First Time Capability in 7,000 Years of Accounting

For the first time ever in about 7,000 years of accounting, a financial statement can be exchanged between two parties and portions of the information within that statement can be effectively understood by a machine.  Today, both humans and to some extent machines can understand financial statements and work with that information.

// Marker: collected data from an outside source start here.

(* Let $n\ge 1$ and let $[v_0,\dots,v_n]$ and $[v'_0,\dots,v'_n]$ be (non-degenerate) $n$-simplices in $\mathbb{R}^n$. The following are equivalent: (i) there are real numbers $u_0,\dots,u_n$ such that $|v'_i-v'_j| = e^{\frac12(u_i+u_j)}|v_i-v_j|$ for all two-element subsets $\{i,j\}\subseteq\{0,\dots,n\}$; (ii) there is a Möbius transformation $T$ of $\widehat{\mathbb{R}^n}$ such that $v'_i=T(v_i)$ for all $i\in\{0,\dots,n\}$.
   Context: $\widehat{\mathbb{R}^n}=\mathbb{R}^n\cup\{\infty\}$ is the one-point compactification of $\mathbb{R}^n$. A Möbius transformation of $\widehat{\mathbb{R}^n}$ is a composition of inversions in (Euclidean) hyperspheres and reflections in hyperplanes. $|\cdot|$ denotes the Euclidean norm. *)

theory Defs
  imports "HOL-Analysis.Analysis"
begin

text \<open>The one-point compactification of the Euclidean space 'a is modelled as
  'a option: Some x is the point x, None is the point at infinity.\<close>

definition sphere_inversion :: "'a::euclidean_space \<Rightarrow> real \<Rightarrow> 'a option \<Rightarrow> 'a option" where
  "sphere_inversion a r p = (case p of
      None \<Rightarrow> Some a
    | Some x \<Rightarrow> (if x = a then None
                 else Some (a + (r^2 / (norm (x - a))^2) *\<^sub>R (x - a))))"

definition hyperplane_reflection :: "'a::euclidean_space \<Rightarrow> real \<Rightarrow> 'a option \<Rightarrow> 'a option" where
  "hyperplane_reflection u c p = (case p of
      None \<Rightarrow> None
    | Some x \<Rightarrow> Some (x - (2 * (inner x u - c) / inner u u) *\<^sub>R u))"

inductive mobius :: "('a::euclidean_space option \<Rightarrow> 'a option) \<Rightarrow> bool" where
  inv: "r > 0 \<Longrightarrow> mobius (sphere_inversion a r)"
| refl: "u \<noteq> 0 \<Longrightarrow> mobius (hyperplane_reflection u c)"
| comp: "mobius f \<Longrightarrow> mobius g \<Longrightarrow> mobius (f \<circ> g)"

end

theory Submission
  imports Defs
begin

text \<open>(ii) \<Rightarrow> (i): inversion in the sphere with centre a and radius r multiplies the
  distance of x and y by r / |x - a| \<cdot> r / |y - a|, and reflections are isometries, so every
  Moebius map rescales distances by a product of positive pointwise weights, and u_i is twice
  the logarithm of the weight at v_i.
  (i) \<Rightarrow> (ii): invert the first simplex in the unit sphere around v_0 and the second in the
  sphere of radius e^(u_0/2) around v'_0. The images of the remaining vertices then have equal
  mutual distances, and any such correspondence of finitely many points is realised by a
  composition of reflections in perpendicular bisectors.\<close>

definition invert :: "'a::real_inner \<Rightarrow> real \<Rightarrow> 'a \<Rightarrow> 'a" where
  "invert a r x = a + (r\<^sup>2 / (norm (x - a))\<^sup>2) *\<^sub>R (x - a)"

definition reflect :: "'a::real_inner \<Rightarrow> real \<Rightarrow> 'a \<Rightarrow> 'a" where
  "reflect u c x = x - (2 * (x \<bullet> u - c) / (u \<bullet> u)) *\<^sub>R u"

lemma sphere_inversion_Some:
  "x \<noteq> a \<Longrightarrow> sphere_inversion a r (Some x) = Some (invert a r x)"
  by (simp add: sphere_inversion_def invert_def)

lemma sphere_inversion_None: "sphere_inversion a r None = Some a"
  and sphere_inversion_centre: "sphere_inversion a r (Some a) = None"
  by (simp_all add: sphere_inversion_def)

lemma hyperplane_reflection_eq_map_option:
  "hyperplane_reflection u c = map_option (reflect u c)"
  by (auto simp: hyperplane_reflection_def reflect_def split: option.split)

lemma dist_invert_centre:
  fixes a x :: "'a::real_inner"
  assumes "x \<noteq> a"
  shows "dist (invert a r x) a = r\<^sup>2 / dist x a"
  using assms by (simp add: invert_def dist_norm power2_eq_square)

lemma invert_neq_centre:
  fixes a x :: "'a::real_inner"
  assumes "x \<noteq> a" "r \<noteq> 0"
  shows "invert a r x \<noteq> a"
  using dist_invert_centre[OF assms(1), of r] assms by auto

lemma dist_invert:
  fixes a x y :: "'a::real_inner"
  assumes "x \<noteq> a" "y \<noteq> a"
  shows "dist (invert a r x) (invert a r y) = r\<^sup>2 * dist x y / (dist x a * dist y a)"
proof -
  define X where "X = x - a"
  define Y where "Y = y - a"
  have nX: "norm X > 0" and nY: "norm Y > 0"
    using assms by (auto simp: X_def Y_def)
  have XX: "X \<bullet> X = (norm X)\<^sup>2" and YY: "Y \<bullet> Y = (norm Y)\<^sup>2"
    by (simp_all add: power2_norm_eq_inner)
  have "(norm ((r\<^sup>2 / (norm X)\<^sup>2) *\<^sub>R X - (r\<^sup>2 / (norm Y)\<^sup>2) *\<^sub>R Y))\<^sup>2
        = (r\<^sup>2)\<^sup>2 * (Y \<bullet> Y - 2 * (X \<bullet> Y) + X \<bullet> X) / ((norm X)\<^sup>2 * (norm Y)\<^sup>2)"
    unfolding power2_norm_eq_inner[of "_ - _"] using nX nY
    by (simp add: inner_diff_left inner_diff_right inner_commute XX YY field_simps power2_eq_square)
  also have "\<dots> = (r\<^sup>2 * norm (X - Y) / (norm X * norm Y))\<^sup>2"
    by (simp add: power2_norm_eq_inner inner_diff_left inner_diff_right inner_commute
        power_divide power_mult_distrib algebra_simps)
  finally show ?thesis
    using nX nY by (simp add: invert_def dist_norm X_def Y_def power2_eq_iff_nonneg)
qed

lemma invert_invert:
  fixes a x :: "'a::real_inner"
  assumes "x \<noteq> a" "r \<noteq> 0"
  shows "invert a r (invert a r x) = x"
proof -
  define k where "k = r\<^sup>2 / (norm (x - a))\<^sup>2"
  have "k > 0" using assms by (simp add: k_def)
  then have "norm (k *\<^sub>R (x - a)) = k * norm (x - a)"
    by simp
  moreover have "r\<^sup>2 / (k * norm (x - a))\<^sup>2 * k = 1"
    using assms by (simp add: k_def power_mult_distrib field_simps)
  ultimately show ?thesis
    using assms by (simp add: invert_def k_def[symmetric] scaleR_scaleR)
qed

lemma sphere_inversion_invert:
  fixes a x :: "'a::euclidean_space"
  assumes "x \<noteq> a" "r \<noteq> 0"
  shows "sphere_inversion a r (Some (invert a r x)) = Some x"
  using assms by (simp add: sphere_inversion_Some invert_neq_centre invert_invert)

text \<open>The radius r of the second inversion cancels the multipliers: both sides equal
  dist x y / (dist x a * dist y a).\<close>

lemma dist_invert_rescaled:
  fixes a x y a' x' y' :: "'a::real_inner"
  assumes "x \<noteq> a" "y \<noteq> a" and "s > 0" "t > 0" "r > 0"
    and "dist x' y' = s * t * dist x y"
    and "dist x' a' = s * r * dist x a" "dist y' a' = t * r * dist y a"
  shows "dist (invert a 1 x) (invert a 1 y) = dist (invert a' r x') (invert a' r y')"
proof -
  have "x' \<noteq> a'" "y' \<noteq> a'"
    using assms by auto
  have "dist (invert a 1 x) (invert a 1 y) = dist x y / (dist x a * dist y a)"
    using assms by (simp add: dist_invert)
  also have "\<dots> = r\<^sup>2 * (s * t * dist x y) / ((s * r * dist x a) * (t * r * dist y a))"
    using assms by (simp add: field_simps power2_eq_square)
  also have "\<dots> = dist (invert a' r x') (invert a' r y')"
    using assms \<open>x' \<noteq> a'\<close> \<open>y' \<noteq> a'\<close> by (simp add: dist_invert)
  finally show ?thesis .
qed

lemma dist_reflect:
  fixes u x y :: "'a::real_inner"
  assumes "u \<noteq> 0"
  shows "dist (reflect u c x) (reflect u c y) = dist x y"
proof -
  define d where "d = x - y"
  define k where "k = 2 * (d \<bullet> u) / (u \<bullet> u)"
  have "reflect u c x - reflect u c y = d - k *\<^sub>R u"
    by (simp add: reflect_def d_def k_def inner_diff_left algebra_simps diff_divide_distrib)
  moreover have "(norm (d - k *\<^sub>R u))\<^sup>2 = (norm d)\<^sup>2"
  proof -
    have "k * (u \<bullet> u) = 2 * (d \<bullet> u)"
      using assms by (simp add: k_def)
    then show ?thesis
      unfolding power2_norm_eq_inner
      by (simp add: inner_diff_left inner_diff_right inner_commute algebra_simps)
  qed
  ultimately show ?thesis
    by (simp add: dist_norm d_def)
qed

lemma reflect_bisector:
  fixes p q x :: "'a::real_inner"
  defines "u \<equiv> q - p" and "c \<equiv> (q \<bullet> q - p \<bullet> p) / 2"
  assumes "p \<noteq> q"
  shows "reflect u c p = q"
    and "dist x p = dist x q \<Longrightarrow> reflect u c x = x"
proof -
  have "u \<bullet> u > 0" using assms by (simp add: u_def)
  moreover have "2 * (p \<bullet> u - c) = - (u \<bullet> u)"
    by (simp add: u_def c_def inner_diff_left inner_diff_right inner_commute field_simps)
  ultimately show "reflect u c p = q"
    by (simp add: reflect_def u_def)
next
  assume "dist x p = dist x q"
  then have "(norm (x - p))\<^sup>2 = (norm (x - q))\<^sup>2"
    by (simp add: dist_norm)
  then have "x \<bullet> u = c"
    by (simp add: power2_norm_eq_inner u_def c_def inner_diff_left inner_diff_right
        inner_commute algebra_simps)
  then show "reflect u c x = x"
    by (simp add: reflect_def)
qed

text \<open>The value 1 for distances to the point at infinity is arbitrary: it only has to be
  positive, so that inversions admit positive weights at their centre and at infinity.\<close>

fun ext_dist :: "'a::metric_space option \<Rightarrow> 'a option \<Rightarrow> real" where
  "ext_dist (Some x) (Some y) = dist x y"
| "ext_dist None None = 0"
| "ext_dist (Some x) None = 1"
| "ext_dist None (Some y) = 1"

As Denise Schmandt-Bessersat in her video on the origin of writing, between 5,000 and 10,000 years ago farmers in Mesopotamia, where agriculture was born, used physical object to count crops and animals . The distinction between types of crops or animals was made by using different types and shapes of objects pressed into clay.  It was around that time, in about 3200 BC, around 5,000 years ago, the first spreadsheet was invented. Below you see an example, a Cuneiform tablet with seal impressions: administrative account of barley distribution with cylinder seal impression of a male figure, hunting dogs, and boars:

These farmers replaced the pressing of objects into clay with the marking of clay by scribes using styles, writing using Cuneiform.  The clay tablets eventually gave way to papyrus which was lighter than the clay.  Papyrus gave way to other mediums like bamboo stalks in some cases, linen, parchment, and paper.  Accounting using this mechanism was our first communications technology.

That all changed in July 2002 when 27 Dutch Association of Water Boards provided the first ever public implementation of XBRL. (See here for more information.) Today, as of this writing, there are 216 regulators that have implemented XBRL based reporting systems. Millions of companies report using the global standard XBRL technical format.

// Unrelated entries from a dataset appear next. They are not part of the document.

lemma mat_range_mult_subset:
  assumes "A \<in> carrier_mat n m" "B \<in> carrier_mat m k"
  shows "mat_range (A * B) \<subseteq> mat_range A"
proof
  fix v assume "v \<in> mat_range (A * B)"
  then obtain x where x: "x \<in> carrier_vec k" "v = (A * B) *\<^sub>v x" using assms by (auto simp: mat_range_def)
  then have "v = A *\<^sub>v (B *\<^sub>v x)" using assms by simp
  moreover have "B *\<^sub>v x \<in> carrier_vec (dim_col A)" using assms x by simp
  ultimately show "v \<in> mat_range A" unfolding mat_range_def by blast
qed

lemma mat_range_spectral_mat_cong:
  assumes u: "onb n u" and fg: "\<And>i. i < n \<Longrightarrow> f i = 0 \<longleftrightarrow> g i = 0"
  shows "mat_range (spectral_mat n u f) = mat_range (spectral_mat n u g)"
proof -
  have "spectral_mat n u f = spectral_mat n u g * spectral_mat n u (\<lambda>i. f i / g i)"
    unfolding spectral_mat_mult[OF u] by (rule spectral_mat_cong) (use fg in auto)
  moreover have "spectral_mat n u g = spectral_mat n u f * spectral_mat n u (\<lambda>i. g i / f i)"
    unfolding spectral_mat_mult[OF u] by (rule spectral_mat_cong) (use fg in auto)
  ultimately show ?thesis
    using mat_range_mult_subset[OF spectral_mat_carrier spectral_mat_carrier] by (metis subset_antisym)
qed

lemma basis_in_mat_range_spectral_mat:
  assumes u: "onb n u" and j: "j < n" and f: "f j \<noteq> 0"
  shows "u j \<in> mat_range (spectral_mat n u f)"
proof -
  have uj: "u j \<in> carrier_vec n" using onb_carrier[OF u j] .
  have "spectral_mat n u f *\<^sub>v (complex_of_real (1 / f j) \<cdot>\<^sub>v u j) = u j"
    using uj f by (simp add: mult_mat_vec[of _ n n] spectral_mat_mult_vec_basis[OF u j] smult_smult_assoc)
  then show ?thesis using uj unfolding mat_range_def
    by (metis (mono_tags, lifting) dim_spectral_mat(2) mem_Collect_eq smult_carrier_vec)
qed

lemma spectral_mat_kernel_if_range_subset:
  assumes u: "onb n u" and B: "B \<in> carrier_mat n n" "dag B = B"
    and range: "mat_range B \<subseteq> mat_range (spectral_mat n u f)" and j: "j < n" and f: "f j = 0"
  shows "B *\<^sub>v u j = 0\<^sub>v n"
proof -
  have "spectral_mat n u f *\<^sub>v u j = 0\<^sub>v n"
    using f onb_carrier[OF u j] by (auto simp: spectral_mat_mult_vec_basis[OF u j])
  then show ?thesis
    by (rule hermitian_kernel_antimono[OF B spectral_mat_carrier dag_spectral_mat range onb_carrier[OF u j]])
qed

lemma spectral_mat_support_mono:
  assumes u: "onb n u" and range: "mat_range (spectral_mat n u f) \<subseteq> mat_range (spectral_mat n u g)"
    and j: "j < n" and f: "f j \<noteq> 0"
  shows "g j \<noteq> 0"
proof
  assume "g j = 0"
  then have "spectral_mat n u f *\<^sub>v u j = 0\<^sub>v n"
    by (rule spectral_mat_kernel_if_range_subset[OF u spectral_mat_carrier dag_spectral_mat range j])
  then show False using cinner_basis_spectral_mat[OF u j, of f] f onb_carrier[OF u j]
    by (simp add: cinner_def)
qed

lemma psd_sqrt_eigenvector:
  assumes B: "psd n B" and v: "v \<in> carrier_vec n" and s: "s \<ge> 0"
    and BB: "B *\<^sub>v (B *\<^sub>v v) = complex_of_real (s\<^sup>2) \<cdot>\<^sub>v v"
  shows "B *\<^sub>v v = complex_of_real s \<cdot>\<^sub>v v"
proof -
  have Bc: "B \<in> carrier_mat n n" "dag B = B" using psd_hermitian[OF B] by auto
  show ?thesis
  proof (cases "s = 0")
    case True
    then have "cinner (B *\<^sub>v v) (B *\<^sub>v v) = 0"
      using hermitian_cinner_square[OF Bc v] BB v by (simp add: cinner_def)
    then show ?thesis using cinner_self_eq_zero[of "B *\<^sub>v v" n] Bc v True by (auto intro!: eq_vecI)
  next
    case False
    define x where "x = B *\<^sub>v v - complex_of_real s \<cdot>\<^sub>v v"
    have x: "x \<in> carrier_vec n" using Bc v by (simp add: x_def)
    have "B *\<^sub>v x = B *\<^sub>v (B *\<^sub>v v) - complex_of_real s \<cdot>\<^sub>v (B *\<^sub>v v)"
      unfolding x_def using Bc v by (simp add: mult_minus_distrib_mat_vec[of _ n n] mult_mat_vec[of _ n n])
    also have "\<dots> = complex_of_real (- s) \<cdot>\<^sub>v x"
      unfolding BB x_def using Bc v by (intro eq_vecI) (auto simp: power2_eq_square algebra_simps)
    finally have Bx: "B *\<^sub>v x = complex_of_real (- s) \<cdot>\<^sub>v x" .
    have "x = 0\<^sub>v n"
    proof (rule ccontr)
      assume "x \<noteq> 0\<^sub>v n"
      from psd_eigenvalue_nonneg[OF B x this Bx] show False using s False by simp
    qed
    show ?thesis
    proof (rule eq_vecI)
      fix i assume i: "i < dim_vec (complex_of_real s \<cdot>\<^sub>v v)"
      then have "x $ i = 0" using \<open>x = 0\<^sub>v n\<close> v by simp
      then show "(B *\<^sub>v v) $ i = (complex_of_real s \<cdot>\<^sub>v v) $ i" using i Bc v unfolding x_def by simp
    qed (use Bc v in simp)
  qed
qed

lemma msqrt_spectral_mat:
  assumes u: "onb n u" and f: "\<And>i. i < n \<Longrightarrow> f i \<ge> 0"
  shows "msqrt (spectral_mat n u f) = spectral_mat n u (\<lambda>i. sqrt (f i))"
  unfolding msqrt_def dim_spectral_mat
proof (rule the_equality)
  show "psd n (spectral_mat n u (\<lambda>i. sqrt (f i))) \<and>
      spectral_mat n u (\<lambda>i. sqrt (f i)) * spectral_mat n u (\<lambda>i. sqrt (f i)) = spectral_mat n u f"
    using f by (auto simp: psd_spectral_mat[OF u] spectral_mat_mult[OF u] intro!: spectral_mat_cong)
next
  fix B assume B: "psd n B \<and> B * B = spectral_mat n u f"
  have Bc: "B \<in> carrier_mat n n" using B psd_hermitian by blast
  show "B = spectral_mat n u (\<lambda>i. sqrt (f i))"
  proof (rule mat_eq_onbI[OF u Bc spectral_mat_carrier])
    fix j assume j: "j < n"
    have uj: "u j \<in> carrier_vec n" using onb_carrier[OF u j] .
    have "B *\<^sub>v (B *\<^sub>v u j) = complex_of_real ((sqrt (f j))\<^sup>2) \<cdot>\<^sub>v u j"
      using B Bc uj f[OF j]
      by (simp add: assoc_mult_mat_vec[symmetric, of _ n n _ n] spectral_mat_mult_vec_basis[OF u j])
    from psd_sqrt_eigenvector[OF conjunct1[OF B] uj _ this]
    show "B *\<^sub>v u j = spectral_mat n u (\<lambda>i. sqrt (f i)) *\<^sub>v u j"
      using f[OF j] by (simp add: spectral_mat_mult_vec_basis[OF u j])
  qed
qed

What is different now is that machines, such as computers running software, can to a degree read and understand the meaning conveyed by an XBRL-based digital financial statement.

The era of digital financial reporting has begun. Financial reporting standards setters are beginning to leverage machine-readable semantics. Proficiency of accountants is not where it needs to be yet, but it will get there.

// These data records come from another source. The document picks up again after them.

lemma obtain_missing_top:
  assumes \<delta>: "ornamentation V par \<delta>" and less: "\<delta> < orn_of (top_index p)"
  obtains i where "i \<le> k" "int i + 1 \<le> top_index p i" "v (nat (top_index p i)) \<notin> \<delta> (v i)"
proof -
  define S where "S = {i. i \<le> k \<and> \<delta> (v i) \<noteq> segment i (top_index p i)}"
  have "S \<noteq> {}"
  proof
    assume "S = {}"
    then have "\<delta> u = orn_of (top_index p) u" for u
    proof (cases "u \<in> v ` {0..k}")
      case True
      with \<open>S = {}\<close> show ?thesis
        using orn_of_v unfolding S_def by auto
    qed (use le_orn_of_eq_other[OF \<delta> less_imp_le[OF less]] in blast)
    then have "\<delta> = orn_of (top_index p)"
      by (rule ext)
    with less show False
      by simp
  qed
  define i where "i = Max S"
  have "finite S"
    unfolding S_def by simp
  then have i: "i \<le> k" "\<delta> (v i) \<noteq> segment i (top_index p i)" and i_max: "\<And>i'. i' \<in> S \<Longrightarrow> i' \<le> i"
    using Max_in[OF _ \<open>S \<noteq> {}\<close>] unfolding i_def S_def by auto
  have sub: "\<delta> (v i) \<subseteq> segment i (top_index p i)"
    using le_funD[OF less_imp_le[OF less], of "v i"] orn_of_v[OF i(1)] by simp
  have "v i \<in> \<delta> (v i)"
    using \<delta> v_le_k_in_V[OF i(1)] unfolding ornamentation_def by simp
  then have top: "int i + 1 \<le> top_index p i"
    using sub i(2) segment_eq_singleton by fastforce
  have "i < k \<Longrightarrow> \<delta> (v (i + 1)) = segment (i + 1) (top_index p (i + 1))"
    using i_max[of "i + 1"] unfolding S_def by fastforce
  then have "v (nat (top_index p i)) \<notin> \<delta> (v i)"
    using segment_subset_if_top_mem[OF \<delta> i(1) top] sub i(2) by blast
  with i(1) top show thesis
    by (rule that)
qed

lemma le_top_index_lowered_if_top_not_mem:
  assumes i: "i \<le> k" "int i + 1 \<le> top_index p i"
    and le: "\<delta> \<le> orn_of (top_index p)" and top: "v (nat (top_index p i)) \<notin> \<delta> (v i)"
  shows "\<delta> \<le> orn_of (top_index_lowered p i)"
proof (rule le_funI)
  fix u
  from le_funD[OF le, of u] top show "\<delta> u \<subseteq> orn_of (top_index_lowered p i) u"
    unfolding orn_of_top_index_eq_insert[OF i] by (cases "u = v i") auto
qed

lemma orn_covered_top_index_iff:
  "orn_covered V par \<delta> (orn_of (top_index p)) \<longleftrightarrow>
     (\<exists>i\<le>k. int i + 1 \<le> top_index p i \<and> \<delta> = orn_of (top_index_lowered p i))"
proof
  assume cov: "orn_covered V par \<delta> (orn_of (top_index p))"
  then have \<delta>: "ornamentation V par \<delta>" and less: "\<delta> < orn_of (top_index p)"
    unfolding orn_covered_def by blast+
  obtain i where i: "i \<le> k" "int i + 1 \<le> top_index p i" "v (nat (top_index p i)) \<notin> \<delta> (v i)"
    using obtain_missing_top[OF \<delta> less] .
  have "\<delta> \<le> orn_of (top_index_lowered p i)"
    using le_top_index_lowered_if_top_not_mem[OF i(1,2) less_imp_le[OF less] i(3)] .
  moreover have "\<not> \<delta> < orn_of (top_index_lowered p i)"
    using cov orn_covered_top_index_lowered[OF i(1,2)] ornamentation_top_index_lowered
    unfolding orn_covered_def by blast
  ultimately show "\<exists>i\<le>k. int i + 1 \<le> top_index p i \<and> \<delta> = orn_of (top_index_lowered p i)"
    using i by (auto simp: less_le)
next
  assume "\<exists>i\<le>k. int i + 1 \<le> top_index p i \<and> \<delta> = orn_of (top_index_lowered p i)"
  then show "orn_covered V par \<delta> (orn_of (top_index p))"
    using orn_covered_top_index_lowered by blast
qed

lemma Pop_orn_of_top_index: "Pop V par (orn_of (top_index p)) = orn_of (top_index (Suc p))"
proof (intro ext set_eqI)
  fix u x
  have top_Suc: "top_index (Suc p) i = top_index p i - 1" for i
    unfolding top_index_def by simp
  have "x \<in> Pop V par (orn_of (top_index p)) u \<longleftrightarrow>
      x \<in> orn_of (top_index p) u \<and>
      (\<forall>i\<le>k. int i + 1 \<le> top_index p i \<longrightarrow> x \<in> orn_of (top_index_lowered p i) u)"
    unfolding mem_Pop_iff orn_covered_top_index_iff by blast
  also have "\<dots> \<longleftrightarrow> x \<in> orn_of (top_index (Suc p)) u"
  proof (cases "u \<in> v ` {0..k}")
    case True
    then obtain i' where i': "i' \<le> k" "u = v i'"
      by auto
    show ?thesis
    proof (cases "int i' + 1 \<le> top_index p i'")
      case True
      have "segment i' (top_index p i' - 1) \<subseteq> segment i' (top_index p i')"
        by (rule segment_mono) simp
      with True i' show ?thesis
        using orn_of_top_index_lowered_v orn_of_v top_Suc by auto
    next
      case False
      then have "segment i' (top_index p i') = {v i'}" "segment i' (top_index p i' - 1) = {v i'}"
        using segment_eq_singleton by simp_all
      with i' show ?thesis
        using orn_of_top_index_lowered_v orn_of_v top_Suc v_mem_segment by auto
    qed
  next
    case False
    then show ?thesis
      using orn_of_other by auto
  qed
  finally show "x \<in> Pop V par (orn_of (top_index p)) u \<longleftrightarrow> x \<in> orn_of (top_index (Suc p)) u" .
qed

Consider the implementations of this for a moment. What does this mean for financial accounting, reporting, auditing, and analysis?  A general purpose financial statement is effectively an information product; maybe even a knowledge product that might even be convertible into a decision product or service.  Hype aside; This same idea developed by accountants for financial reporting have implications for general business reporting and information exchange.

Refer to these reports as XBRL-based reports, logical twins, digital twins, mirror worlds, holographic financial information system, or whatever.  This has profound implications for the institution of accountancy globally.